WHAT YOU WILL DO - Extract every line from the records below that contains the word "assumes".

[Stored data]

· · · ·

lemma eventually_binom_upper_tail_ge:
  assumes "\<mu> \<le> p" "p \<le> 1" "0 < \<mu>" "\<mu> < 1"
  shows "\<forall>\<^sub>F N in sequentially. 9 / 1024 \<le> binom_upper_tail p N (\<mu> * real N)"
proof (cases "p = 1")
  case True
  show ?thesis
    using \<open>0 < \<mu>\<close> \<open>\<mu> < 1\<close> by (simp add: binom_upper_tail_def True binom_expect_1 mult_left_le_one_le)
next
  case False
  with assms have p: "0 \<le> p" "p \<le> 1" and "0 < p" "p < 1" by auto
  show ?thesis
    using eventually_binom_variance_ge_1[OF \<open>0 < p\<close> \<open>p < 1\<close>]
  proof eventually_elim
    case (elim N)
    have "\<mu> * real N \<le> real N * p"
      using assms by (simp add: mult.commute mult_right_mono)
    then have "binom_expect p N (\<lambda>k. if real N * p < real k then 1 else 0) \<le> binom_upper_tail p N (\<mu> * real N)"
      unfolding binom_upper_tail_def by (intro binom_expect_mono[OF p]) auto
    then show ?case
      using binom_anticoncentration(2)[OF p elim] by simp
  qed
qed

lemma win_prob_eq_binom_expect:
  assumes "\<And>n. n < N \<Longrightarrow> vote_A_prob P prof w n = q"
  shows "win_prob N \<mu> P prof X w
    = binom_expect q N (\<lambda>k. if X = Acc \<longleftrightarrow> \<mu> * real N \<le> real k then 1 else 0)"
  unfolding win_prob_def binom_expect_def
proof (intro sum.cong refl)
  fix S assume "S \<in> Pow {..<N}"
  then have S: "finite S" "S \<subseteq> {..<N}" by (auto intro: finite_subset)
  then have "(\<Prod>n\<in>S. vote_A_prob P prof w n) = q ^ card S"
    and "(\<Prod>n\<in>{..<N} - S. 1 - vote_A_prob P prof w n) = (1 - q) ^ (N - card S)"
    using assms by (simp_all add: subset_eq card_Diff_subset)
  then show "(if X = Acc \<longleftrightarrow> real (card S) \<ge> \<mu> * real N
        then (\<Prod>n\<in>S. vote_A_prob P prof w n) * (\<Prod>n\<in>{..<N} - S. 1 - vote_A_prob P prof w n) else 0)
      = q ^ card S * (1 - q) ^ (N - card S) * (if X = Acc \<longleftrightarrow> \<mu> * real N \<le> real (card S) then 1 else 0)"
    by simp
qed

lemma fidelity_symmetric_profile:
  "fidelity N \<mu> Pr P (symmetric_profile \<beta>l \<beta>h) =
     Pr L * (1 - binom_upper_tail (P h L * \<beta>h + P l L * \<beta>l) N (\<mu> * real N))
     + Pr H * binom_upper_tail (P h H * \<beta>h + P l H * \<beta>l) N (\<mu> * real N)"
proof -
  have vote: "vote_A_prob P (symmetric_profile \<beta>l \<beta>h) w n = P h w * \<beta>h + P l w * \<beta>l" for w n
    by (simp add: vote_A_prob_def symmetric_profile_def)
  show ?thesis
    unfolding fidelity_def win_prob_eq_binom_expect[OF vote] binom_upper_tail_def
    by (simp add: binom_expect_indicator_not)
qed

lemma symmetric_vote_prob_bounds:
  fixes P :: "signal \<Rightarrow> state \<Rightarrow> real"
  assumes "P l w \<ge> 0" "P h w \<ge> 0" "P l w + P h w = 1"
    and "0 \<le> \<beta>l" "\<beta>l \<le> 1" "0 \<le> \<beta>h" "\<beta>h \<le> 1"
  shows "0 \<le> P h w * \<beta>h + P l w * \<beta>l" "P h w * \<beta>h + P l w * \<beta>l \<le> 1"
  using assms convex_bound_le[of \<beta>h 1 \<beta>l "P h w" "P l w"] by (simp_all add: add.commute)

lemma tendsto_fidelity_symmetric_profile:
  fixes P :: "signal \<Rightarrow> state \<Rightarrow> real" and \<beta>l \<beta>h :: real
  defines "pL \<equiv> P h L * \<beta>h + P l L * \<beta>l" and "pH \<equiv> P h H * \<beta>h + P l H * \<beta>l"
  assumes prior: "Pr L + Pr H = 1" and order: "0 \<le> pL" "pL < \<mu>" "\<mu> < pH" "pH \<le> 1"
  shows "(\<lambda>N. fidelity N \<mu> Pr P (symmetric_profile \<beta>l \<beta>h)) \<longlonglongrightarrow> 1"
proof -
  have "(\<lambda>N. binom_upper_tail pL N (\<mu> * real N)) \<longlonglongrightarrow> 0"
    using order by (intro tendsto_binom_upper_tail_0) auto
  moreover have "(\<lambda>N. binom_upper_tail pH N (\<mu> * real N)) \<longlonglongrightarrow> 1"
    using order by (intro tendsto_binom_upper_tail_1) auto
  ultimately have "(\<lambda>N. Pr L * (1 - binom_upper_tail pL N (\<mu> * real N)) + Pr H * binom_upper_tail pH N (\<mu> * real N))
      \<longlonglongrightarrow> Pr L * (1 - 0) + Pr H * 1"
    by (intro tendsto_intros)
  then show ?thesis
    using prior by (simp add: fidelity_symmetric_profile pL_def pH_def)
qed

lemma not_tendsto_fidelity_symmetric_profile:
  fixes P :: "signal \<Rightarrow> state \<Rightarrow> real" and \<beta>l \<beta>h :: real
  defines "pL \<equiv> P h L * \<beta>h + P l L * \<beta>l" and "pH \<equiv> P h H * \<beta>h + P l H * \<beta>l"
  assumes prior: "Pr L > 0" "Pr H > 0" "Pr L + Pr H = 1" and mu: "0 < \<mu>" "\<mu> < 1"
    and pL: "0 \<le> pL" "pL \<le> 1" and pH: "0 \<le> pH" "pH \<le> 1"
    and "pH \<le> \<mu> \<or> \<mu> \<le> pL"
  shows "\<not> (\<lambda>N. fidelity N \<mu> Pr P (symmetric_profile \<beta>l \<beta>h)) \<longlonglongrightarrow> 1"
proof
  let ?tL = "\<lambda>N. binom_upper_tail pL N (\<mu> * real N)"
  let ?tH = "\<lambda>N. binom_upper_tail pH N (\<mu> * real N)"
  assume "(\<lambda>N. fidelity N \<mu> Pr P (symmetric_profile \<beta>l \<beta>h)) \<longlonglongrightarrow> 1"
  then have lim: "(\<lambda>N. Pr L * (1 - ?tL N) + Pr H * ?tH N) \<longlonglongrightarrow> 1"
    by (simp add: fidelity_symmetric_profile pL_def pH_def)
  obtain e where "e > 0" and "\<forall>\<^sub>F N in sequentially. Pr L * (1 - ?tL N) + Pr H * ?tH N \<le> 1 - e"
    using \<open>pH \<le> \<mu> \<or> \<mu> \<le> pL\<close>
  proof
    assume "pH \<le> \<mu>"
    have "\<forall>\<^sub>F N in sequentially. Pr L * (1 - ?tL N) + Pr H * ?tH N \<le> 1 - Pr H * (9 / 1024)"
      using eventually_binom_upper_tail_le[OF pH(1) \<open>pH \<le> \<mu>\<close> mu]
    proof eventually_elim
      case (elim N)
      have "Pr L * (1 - ?tL N) \<le> Pr L"
        using binom_upper_tail_bounds(1)[OF pL] prior(1) by (simp add: mult_left_le)
      moreover have "Pr H * ?tH N \<le> Pr H * (1 - 9 / 1024)"
        using elim prior(2) by simp
      ultimately show ?case
        using prior(3) by (simp add: algebra_simps)
    qed
    then show ?thesis
      using that[of "Pr H * (9 / 1024)"] prior(2) by simp
  next
    assume "\<mu> \<le> pL"
    have "\<forall>\<^sub>F N in sequentially. Pr L * (1 - ?tL N) + Pr H * ?tH N \<le> 1 - Pr L * (9 / 1024)"
      using eventually_binom_upper_tail_ge[OF \<open>\<mu> \<le> pL\<close> pL(2) mu]
    proof eventually_elim
      case (elim N)
      have "Pr H * ?tH N \<le> Pr H"
        using binom_upper_tail_bounds(2)[OF pH] prior(2) by (simp add: mult_left_le)
      moreover have "Pr L * (1 - ?tL N) \<le> Pr L * (1 - 9 / 1024)"
        using elim prior(1) by simp
      ultimately show ?case
        using prior(3) by (simp add: algebra_simps)
    qed
    then show ?thesis
      using that[of "Pr L * (9 / 1024)"] prior(1) by simp
  qed
  with tendsto_upperbound[OF lim] show False
    by fastforce
qed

· · · ·

RESPONSE -
  assumes "\<mu> \<le> p" "p \<le> 1" "0 < \<mu>" "\<mu> < 1"
  assumes "\<And>n. n < N \<Longrightarrow> vote_A_prob P prof w n = q"
  assumes "P l w \<ge> 0" "P h w \<ge> 0" "P l w + P h w = 1"
  assumes prior: "Pr L + Pr H = 1" and order: "0 \<le> pL" "pL < \<mu>" "\<mu> < pH" "pH \<le> 1"
  assumes prior: "Pr L > 0" "Pr H > 0" "Pr L + Pr H = 1" and mu: "0 < \<mu>" "\<mu> < 1"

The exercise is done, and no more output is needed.